The test job appears to exit with code 137 when it is sigkilled, so I would expect it to be detected. However parallel
is somehow able to see that it was killed (good) but then exits with zero (not good). Maybe the --halt
option causes parallel
to consider itself successful because it's successfully halted all the other processes? Is there a workaround for this behaviour?
$ bash selfkill.sh
Process 1485899 will now terminate itself
Killed
$ echo $?
137
This is on an Ubuntu 20.04 with GNU parallel 20161222 and bash 5.0.17.
Further context in case this is an XY problem and there's a better approach than using GNU parallel. Initially we weren't using GNU parallel. We had a number of background jobs and pipelines running in parallel via extensive use of &
. But we couldn't find a way to detect when jobs had been sigkilled and the parent script would carry on much the same as it does in the example above.

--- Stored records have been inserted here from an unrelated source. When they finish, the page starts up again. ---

(* Let $G$ be a finite simple graph, $s\ge1$, $e_1,\dots,e_s$ edges of $G$ (repetitions allowed). Suppose $u=p_0,p_1,\dots,p_{2k+1}=v$ is an even-connection between $u$ and $v$ and $z=q_0,q_1,\dots,q_{2l+1}=w$ is an even-connection between $z$ and $w$, both with respect to $e_1\cdots e_s$. If for some $0\le i\le k-1$ and $0\le j\le l-1$ the edges $p_{2i+1}p_{2i+2}$ and $q_{2j+1}q_{2j+2}$ have a common vertex, then $u$ is even-connected to $z$ or to $w$ with respect to $e_1\cdots e_s$, and $v$ is even-connected to $z$ or to $w$ with respect to $e_1\cdots e_s$.
   Context: Edges are identified with monomials. An even-connection between $u$ and $v$ (possibly equal) with respect to $e_1,\dots,e_s$ is a sequence of vertices $p_0,\dots,p_{2k+1}$, $k\ge1$ (repeats allowed), with (1) $p_0=u$, $p_{2k+1}=v$; (2) for all $0\le l\le k-1$, $p_{2l+1}p_{2l+2}=e_i$ for some $i$; (3) for every $i$, $|\{l\ge0: p_{2l+1}p_{2l+2}=e_i\}|\le|\{j: e_j=e_i\}|$; (4) each $p_rp_{r+1}$, $0\le r\le 2k$, is an edge of $G$. $u,v$ are even-connected if such a sequence exists. *)

theory Defs
  imports Main
begin

text \<open>A finite simple graph on vertex set V: edges are 2-element subsets of V
  (an edge is identified with the squarefree monomial x_a x_b, i.e. the set {a,b}).\<close>
definition simple_graph :: "'a set \<Rightarrow> 'a set set \<Rightarrow> bool" where
  "simple_graph V E \<longleftrightarrow> finite V \<and> (\<forall>e\<in>E. e \<subseteq> V \<and> card e = 2)"

definition is_even_connection ::
  "'a set set \<Rightarrow> 'a set list \<Rightarrow> 'a \<Rightarrow> 'a \<Rightarrow> 'a list \<Rightarrow> bool" where
  "is_even_connection E es u v ps \<longleftrightarrow>
     (\<exists>k. k \<ge> 1 \<and> length ps = 2 * k + 2 \<and>
        ps ! 0 = u \<and> ps ! (2 * k + 1) = v \<and>
        (\<forall>l<k. {ps ! (2 * l + 1), ps ! (2 * l + 2)} \<in> set es) \<and>
        (\<forall>e\<in>set es. card {l. l < k \<and> {ps ! (2 * l + 1), ps ! (2 * l + 2)} = e}
                        \<le> count_list es e) \<and>
        (\<forall>r<2 * k + 1. {ps ! r, ps ! (r + 1)} \<in> E))"

definition even_connected :: "'a set set \<Rightarrow> 'a set list \<Rightarrow> 'a \<Rightarrow> 'a \<Rightarrow> bool" where
  "even_connected E es u v \<longleftrightarrow> (\<exists>ps. is_even_connection E es u v ps)"

end

theory Submission
  imports Defs "HOL-Library.Multiset"
begin
definition is_restriction ::
  "nat \<Rightarrow> (bool list \<Rightarrow> bool) \<Rightarrow> nat \<Rightarrow> (bool list \<Rightarrow> bool) \<Rightarrow> bool" where
  "is_restriction r f s g \<longleftrightarrow> (\<exists>X Z0 Z1. restr_witness r f s g X Z0 Z1)"

definition is_0_restriction ::
  "nat \<Rightarrow> (bool list \<Rightarrow> bool) \<Rightarrow> nat \<Rightarrow> (bool list \<Rightarrow> bool) \<Rightarrow> bool" where
  "is_0_restriction r f s g \<longleftrightarrow> (\<exists>X Z0. restr_witness r f s g X Z0 {})"

definition IMPL :: "bool list \<Rightarrow> bool" where
  "IMPL y = (\<not> y ! 0 \<or> y ! 1)"

end

theory Submission
  imports Defs
begin

(* If IMPL arises from f by a restriction with blocks X 0, X 1 and constant blocks Z0, Z1,
   then turning Z1 into a third variable gives a 0-restriction h of f with h(a,b,1) = IMPL(a,b)
   and h(0,0,0) = f(0,...,0) = 1.  If h(0,1,0) = 1, then h(a,b,a) = IMPL(a,b): merge Z1 into the
   first block.  Otherwise h(0,a,b) = IMPL(a,b): send the first block to 0 and let Z1 carry the
   second variable.  Either way IMPL is a 0-restriction of h, and 0-restrictions compose. *)

definition restr_partition ::
  "nat \<Rightarrow> nat \<Rightarrow> (nat \<Rightarrow> nat set) \<Rightarrow> nat set \<Rightarrow> nat set \<Rightarrow> bool" where
  "restr_partition r s X Z0 Z1 \<longleftrightarrow>
     (\<forall>j<s. \<forall>k<s. j \<noteq> k \<longrightarrow> X j \<inter> X k = {}) \<and>
     (\<forall>j<s. X j \<inter> Z0 = {} \<and> X j \<inter> Z1 = {}) \<and>
     Z0 \<inter> Z1 = {} \<and>
     (\<Union>j<s. X j) \<union> Z0 \<union> Z1 = {0..<r}"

CodePudding user response:
<sigh> I should have tried a more recent version before asking here.
Ubuntu 20.04 is stuck with an old version but I was able to experiment inside a Docker container with docker run --rm -it ubuntu:22.04
where I could install GNU parallel 20210822.
Running exit_one.sh via parallel with default error handling
Process 1179 will now exit with code 1
Exit code is 1
Seq Host Starttime JobRuntime Send Receive Exitval Signal Command
1 : 1665765327.768 0.100 0 39 1 0 bash exit_one.sh 1
Running selfkill.sh via parallel with default error handling
Process 1186 will now terminate itself
Exit code is 1
Seq Host Starttime JobRuntime Send Receive Exitval Signal Command
1 : 1665765328.292 0.092 0 39 0 9 bash selfkill.sh 1
Running exit_one.sh via parallel with abort on error
Process 1193 will now exit with code 1
parallel: This job failed:
bash exit_one.sh 1
Exit code is 1
Seq Host Starttime JobRuntime Send Receive Exitval Signal Command
1 : 1665765328.818 0.111 0 39 1 0 bash exit_one.sh 1
Running selfkill.sh via parallel with abort on error
Process 1200 will now terminate itself
parallel: This job failed:
bash selfkill.sh 1
Exit code is 137
Seq Host Starttime JobRuntime Send Receive Exitval Signal Command
1 : 1665765329.321 0.085 0 39 0 9 bash selfkill.sh 1
The last case which was problematic before now exits with 137 which is great and consistent with what bash sees.